Supplied information:
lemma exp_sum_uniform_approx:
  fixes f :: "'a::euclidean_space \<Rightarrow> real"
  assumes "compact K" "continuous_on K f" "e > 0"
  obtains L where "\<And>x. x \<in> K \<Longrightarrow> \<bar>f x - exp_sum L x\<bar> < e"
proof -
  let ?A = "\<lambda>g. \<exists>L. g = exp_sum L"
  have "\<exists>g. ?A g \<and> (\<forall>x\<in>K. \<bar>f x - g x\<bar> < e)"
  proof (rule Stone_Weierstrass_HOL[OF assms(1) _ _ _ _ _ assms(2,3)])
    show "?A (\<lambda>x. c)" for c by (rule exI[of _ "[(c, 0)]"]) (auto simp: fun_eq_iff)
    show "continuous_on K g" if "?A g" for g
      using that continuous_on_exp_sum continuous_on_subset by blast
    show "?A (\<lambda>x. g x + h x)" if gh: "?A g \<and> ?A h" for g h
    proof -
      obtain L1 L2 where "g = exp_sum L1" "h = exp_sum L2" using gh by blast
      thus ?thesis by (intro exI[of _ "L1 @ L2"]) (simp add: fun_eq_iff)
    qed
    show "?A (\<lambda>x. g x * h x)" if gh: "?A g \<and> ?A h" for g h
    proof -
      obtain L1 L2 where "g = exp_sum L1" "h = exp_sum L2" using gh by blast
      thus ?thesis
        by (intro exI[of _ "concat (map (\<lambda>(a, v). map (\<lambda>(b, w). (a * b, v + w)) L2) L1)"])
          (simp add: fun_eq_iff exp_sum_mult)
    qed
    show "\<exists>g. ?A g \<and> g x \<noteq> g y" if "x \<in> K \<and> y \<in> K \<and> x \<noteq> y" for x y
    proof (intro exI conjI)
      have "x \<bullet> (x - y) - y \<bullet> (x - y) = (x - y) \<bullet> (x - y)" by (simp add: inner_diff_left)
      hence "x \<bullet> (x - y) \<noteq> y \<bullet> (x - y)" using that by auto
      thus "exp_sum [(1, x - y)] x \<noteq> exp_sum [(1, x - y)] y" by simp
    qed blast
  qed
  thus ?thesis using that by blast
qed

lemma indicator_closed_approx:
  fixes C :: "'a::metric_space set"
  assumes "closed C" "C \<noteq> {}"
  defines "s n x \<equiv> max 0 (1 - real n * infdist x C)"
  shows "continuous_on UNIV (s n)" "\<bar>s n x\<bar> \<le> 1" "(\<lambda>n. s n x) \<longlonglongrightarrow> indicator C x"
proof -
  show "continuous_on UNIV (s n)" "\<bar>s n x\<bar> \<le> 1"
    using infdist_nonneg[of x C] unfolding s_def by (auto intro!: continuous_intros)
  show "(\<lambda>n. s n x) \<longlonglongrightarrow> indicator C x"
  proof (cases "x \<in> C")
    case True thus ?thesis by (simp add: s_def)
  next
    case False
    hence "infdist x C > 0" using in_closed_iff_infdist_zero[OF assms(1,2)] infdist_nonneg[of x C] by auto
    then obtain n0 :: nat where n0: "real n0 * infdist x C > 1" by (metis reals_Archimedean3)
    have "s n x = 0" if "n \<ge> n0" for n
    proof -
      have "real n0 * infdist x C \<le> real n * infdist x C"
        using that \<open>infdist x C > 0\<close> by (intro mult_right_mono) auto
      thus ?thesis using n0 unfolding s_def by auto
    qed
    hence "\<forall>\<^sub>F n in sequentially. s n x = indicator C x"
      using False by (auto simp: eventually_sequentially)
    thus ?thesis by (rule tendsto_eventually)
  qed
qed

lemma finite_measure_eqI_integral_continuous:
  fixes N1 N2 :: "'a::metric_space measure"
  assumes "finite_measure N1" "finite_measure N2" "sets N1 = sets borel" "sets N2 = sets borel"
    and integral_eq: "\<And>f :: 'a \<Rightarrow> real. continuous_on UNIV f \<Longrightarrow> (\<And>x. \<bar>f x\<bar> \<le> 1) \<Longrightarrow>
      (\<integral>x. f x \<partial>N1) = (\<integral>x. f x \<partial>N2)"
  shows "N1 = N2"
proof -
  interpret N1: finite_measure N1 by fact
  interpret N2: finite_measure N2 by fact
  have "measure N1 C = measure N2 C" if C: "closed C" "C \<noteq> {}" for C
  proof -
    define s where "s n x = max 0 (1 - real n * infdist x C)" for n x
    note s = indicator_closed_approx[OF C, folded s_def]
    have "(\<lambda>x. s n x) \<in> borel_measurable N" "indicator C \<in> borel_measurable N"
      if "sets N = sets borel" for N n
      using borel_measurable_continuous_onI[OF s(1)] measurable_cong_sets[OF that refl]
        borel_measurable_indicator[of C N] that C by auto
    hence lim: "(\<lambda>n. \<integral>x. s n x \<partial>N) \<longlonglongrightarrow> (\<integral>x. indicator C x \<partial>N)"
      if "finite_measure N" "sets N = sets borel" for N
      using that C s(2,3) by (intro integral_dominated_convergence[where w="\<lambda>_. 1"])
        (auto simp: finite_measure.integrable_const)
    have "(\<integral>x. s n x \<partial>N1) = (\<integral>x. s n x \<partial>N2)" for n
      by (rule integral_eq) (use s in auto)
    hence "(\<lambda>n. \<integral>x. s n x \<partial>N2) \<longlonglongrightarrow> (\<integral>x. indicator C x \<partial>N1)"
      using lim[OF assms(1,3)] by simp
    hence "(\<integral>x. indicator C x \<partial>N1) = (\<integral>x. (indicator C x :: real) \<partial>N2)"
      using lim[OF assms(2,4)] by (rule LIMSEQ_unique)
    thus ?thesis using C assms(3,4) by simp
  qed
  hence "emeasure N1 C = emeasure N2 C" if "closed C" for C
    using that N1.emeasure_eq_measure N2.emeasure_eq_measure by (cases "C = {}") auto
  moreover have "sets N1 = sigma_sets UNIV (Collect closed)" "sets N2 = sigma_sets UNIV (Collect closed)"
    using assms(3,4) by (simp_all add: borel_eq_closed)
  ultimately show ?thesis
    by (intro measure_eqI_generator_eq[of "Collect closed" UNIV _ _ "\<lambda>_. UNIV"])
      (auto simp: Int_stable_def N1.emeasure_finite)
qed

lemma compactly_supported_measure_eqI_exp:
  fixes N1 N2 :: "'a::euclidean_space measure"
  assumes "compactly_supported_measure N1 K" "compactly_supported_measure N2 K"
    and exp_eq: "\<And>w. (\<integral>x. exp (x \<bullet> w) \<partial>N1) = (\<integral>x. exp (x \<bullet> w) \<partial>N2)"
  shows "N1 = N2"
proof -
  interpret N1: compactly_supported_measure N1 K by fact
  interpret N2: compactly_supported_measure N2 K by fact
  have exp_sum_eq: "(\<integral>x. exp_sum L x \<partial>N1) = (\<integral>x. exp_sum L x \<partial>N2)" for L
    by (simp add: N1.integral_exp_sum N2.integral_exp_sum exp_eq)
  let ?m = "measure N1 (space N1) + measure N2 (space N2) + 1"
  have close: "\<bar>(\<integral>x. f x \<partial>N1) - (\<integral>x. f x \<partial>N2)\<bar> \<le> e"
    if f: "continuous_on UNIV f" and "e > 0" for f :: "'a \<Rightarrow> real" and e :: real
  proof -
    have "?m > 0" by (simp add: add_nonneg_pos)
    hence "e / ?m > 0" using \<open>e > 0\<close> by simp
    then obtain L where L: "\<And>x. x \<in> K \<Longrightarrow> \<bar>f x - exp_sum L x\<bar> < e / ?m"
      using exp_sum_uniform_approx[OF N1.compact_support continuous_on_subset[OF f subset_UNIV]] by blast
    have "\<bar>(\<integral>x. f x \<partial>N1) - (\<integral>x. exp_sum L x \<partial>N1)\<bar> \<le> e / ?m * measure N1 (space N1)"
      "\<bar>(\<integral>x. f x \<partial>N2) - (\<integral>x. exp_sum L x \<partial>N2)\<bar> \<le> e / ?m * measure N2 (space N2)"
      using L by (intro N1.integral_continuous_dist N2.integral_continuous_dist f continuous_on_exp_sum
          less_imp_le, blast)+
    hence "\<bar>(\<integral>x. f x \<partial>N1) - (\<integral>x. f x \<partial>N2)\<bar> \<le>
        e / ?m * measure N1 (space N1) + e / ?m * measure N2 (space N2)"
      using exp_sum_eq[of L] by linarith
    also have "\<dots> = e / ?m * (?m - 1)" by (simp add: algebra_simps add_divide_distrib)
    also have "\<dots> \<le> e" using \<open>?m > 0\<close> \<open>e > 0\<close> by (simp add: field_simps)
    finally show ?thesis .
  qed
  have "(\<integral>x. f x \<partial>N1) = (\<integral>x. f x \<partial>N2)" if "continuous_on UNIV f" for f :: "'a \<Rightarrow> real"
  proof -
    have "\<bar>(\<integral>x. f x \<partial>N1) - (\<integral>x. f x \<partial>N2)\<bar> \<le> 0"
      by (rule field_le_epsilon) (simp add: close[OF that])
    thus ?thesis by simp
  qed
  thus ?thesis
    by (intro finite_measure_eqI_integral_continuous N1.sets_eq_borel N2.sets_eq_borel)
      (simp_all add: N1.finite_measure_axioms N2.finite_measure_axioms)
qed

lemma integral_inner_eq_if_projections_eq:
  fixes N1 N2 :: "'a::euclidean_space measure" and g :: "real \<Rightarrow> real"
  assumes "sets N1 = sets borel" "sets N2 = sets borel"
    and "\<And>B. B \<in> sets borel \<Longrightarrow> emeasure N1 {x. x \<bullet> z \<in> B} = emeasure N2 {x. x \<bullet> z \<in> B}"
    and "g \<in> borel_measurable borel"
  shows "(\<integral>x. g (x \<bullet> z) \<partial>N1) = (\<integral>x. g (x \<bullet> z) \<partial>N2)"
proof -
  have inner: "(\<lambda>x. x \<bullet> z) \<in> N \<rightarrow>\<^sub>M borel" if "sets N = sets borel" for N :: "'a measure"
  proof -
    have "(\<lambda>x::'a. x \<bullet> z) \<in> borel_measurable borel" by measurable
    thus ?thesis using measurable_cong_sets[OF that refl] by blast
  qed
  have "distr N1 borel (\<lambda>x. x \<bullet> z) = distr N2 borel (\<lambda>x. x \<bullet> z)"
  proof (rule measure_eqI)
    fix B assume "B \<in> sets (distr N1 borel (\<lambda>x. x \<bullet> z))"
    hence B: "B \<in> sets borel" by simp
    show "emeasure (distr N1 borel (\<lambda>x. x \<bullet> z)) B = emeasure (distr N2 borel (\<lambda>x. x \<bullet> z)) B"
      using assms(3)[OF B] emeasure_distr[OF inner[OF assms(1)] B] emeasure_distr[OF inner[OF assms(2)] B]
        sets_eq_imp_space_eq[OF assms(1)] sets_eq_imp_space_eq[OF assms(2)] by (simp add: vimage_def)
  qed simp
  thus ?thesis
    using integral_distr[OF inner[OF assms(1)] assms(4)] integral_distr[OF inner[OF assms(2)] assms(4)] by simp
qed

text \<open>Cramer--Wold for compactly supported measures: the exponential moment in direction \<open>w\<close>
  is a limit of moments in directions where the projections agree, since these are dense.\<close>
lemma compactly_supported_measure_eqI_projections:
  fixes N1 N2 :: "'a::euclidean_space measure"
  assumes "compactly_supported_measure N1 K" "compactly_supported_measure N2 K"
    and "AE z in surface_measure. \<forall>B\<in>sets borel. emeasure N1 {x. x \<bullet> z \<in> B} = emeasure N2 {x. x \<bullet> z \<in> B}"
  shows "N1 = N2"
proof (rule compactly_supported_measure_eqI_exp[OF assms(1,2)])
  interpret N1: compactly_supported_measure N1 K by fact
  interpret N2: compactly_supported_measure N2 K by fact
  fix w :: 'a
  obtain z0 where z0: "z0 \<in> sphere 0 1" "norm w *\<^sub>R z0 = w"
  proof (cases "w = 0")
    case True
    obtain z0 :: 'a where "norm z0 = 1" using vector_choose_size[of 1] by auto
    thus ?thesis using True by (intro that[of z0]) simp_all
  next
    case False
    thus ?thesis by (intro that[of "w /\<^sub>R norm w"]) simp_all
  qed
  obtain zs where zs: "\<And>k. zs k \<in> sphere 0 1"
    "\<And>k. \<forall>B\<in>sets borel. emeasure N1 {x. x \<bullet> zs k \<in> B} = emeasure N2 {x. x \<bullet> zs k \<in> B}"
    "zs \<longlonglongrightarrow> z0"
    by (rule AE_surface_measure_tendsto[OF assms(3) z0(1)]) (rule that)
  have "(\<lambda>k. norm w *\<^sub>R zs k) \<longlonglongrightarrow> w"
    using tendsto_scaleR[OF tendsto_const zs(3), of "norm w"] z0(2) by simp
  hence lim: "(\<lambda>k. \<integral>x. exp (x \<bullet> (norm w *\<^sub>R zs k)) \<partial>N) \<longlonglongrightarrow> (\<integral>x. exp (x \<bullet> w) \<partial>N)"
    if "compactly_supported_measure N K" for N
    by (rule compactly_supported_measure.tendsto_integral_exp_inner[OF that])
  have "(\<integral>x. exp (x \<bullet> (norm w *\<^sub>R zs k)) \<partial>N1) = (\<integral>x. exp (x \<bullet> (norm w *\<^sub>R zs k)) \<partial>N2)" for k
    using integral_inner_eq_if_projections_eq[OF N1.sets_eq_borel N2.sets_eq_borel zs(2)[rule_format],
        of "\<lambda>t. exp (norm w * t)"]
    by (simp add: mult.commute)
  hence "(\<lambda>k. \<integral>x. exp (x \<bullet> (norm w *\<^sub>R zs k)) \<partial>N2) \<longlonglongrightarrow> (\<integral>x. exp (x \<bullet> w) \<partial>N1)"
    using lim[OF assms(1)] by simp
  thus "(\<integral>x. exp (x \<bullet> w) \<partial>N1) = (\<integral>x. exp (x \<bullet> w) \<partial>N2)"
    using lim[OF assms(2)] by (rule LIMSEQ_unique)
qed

Task objective:
Your output must be the lines of the material above, from the first through the line that contains "proof (intro exI conjI)", copied exactly. Include both endpoints and nothing else.

Completed exercise:
lemma exp_sum_uniform_approx:
  fixes f :: "'a::euclidean_space \<Rightarrow> real"
  assumes "compact K" "continuous_on K f" "e > 0"
  obtains L where "\<And>x. x \<in> K \<Longrightarrow> \<bar>f x - exp_sum L x\<bar> < e"
proof -
  let ?A = "\<lambda>g. \<exists>L. g = exp_sum L"
  have "\<exists>g. ?A g \<and> (\<forall>x\<in>K. \<bar>f x - g x\<bar> < e)"
  proof (rule Stone_Weierstrass_HOL[OF assms(1) _ _ _ _ _ assms(2,3)])
    show "?A (\<lambda>x. c)" for c by (rule exI[of _ "[(c, 0)]"]) (auto simp: fun_eq_iff)
    show "continuous_on K g" if "?A g" for g
      using that continuous_on_exp_sum continuous_on_subset by blast
    show "?A (\<lambda>x. g x + h x)" if gh: "?A g \<and> ?A h" for g h
    proof -
      obtain L1 L2 where "g = exp_sum L1" "h = exp_sum L2" using gh by blast
      thus ?thesis by (intro exI[of _ "L1 @ L2"]) (simp add: fun_eq_iff)
    qed
    show "?A (\<lambda>x. g x * h x)" if gh: "?A g \<and> ?A h" for g h
    proof -
      obtain L1 L2 where "g = exp_sum L1" "h = exp_sum L2" using gh by blast
      thus ?thesis
        by (intro exI[of _ "concat (map (\<lambda>(a, v). map (\<lambda>(b, w). (a * b, v + w)) L2) L1)"])
          (simp add: fun_eq_iff exp_sum_mult)
    qed
    show "\<exists>g. ?A g \<and> g x \<noteq> g y" if "x \<in> K \<and> y \<in> K \<and> x \<noteq> y" for x y
    proof (intro exI conjI)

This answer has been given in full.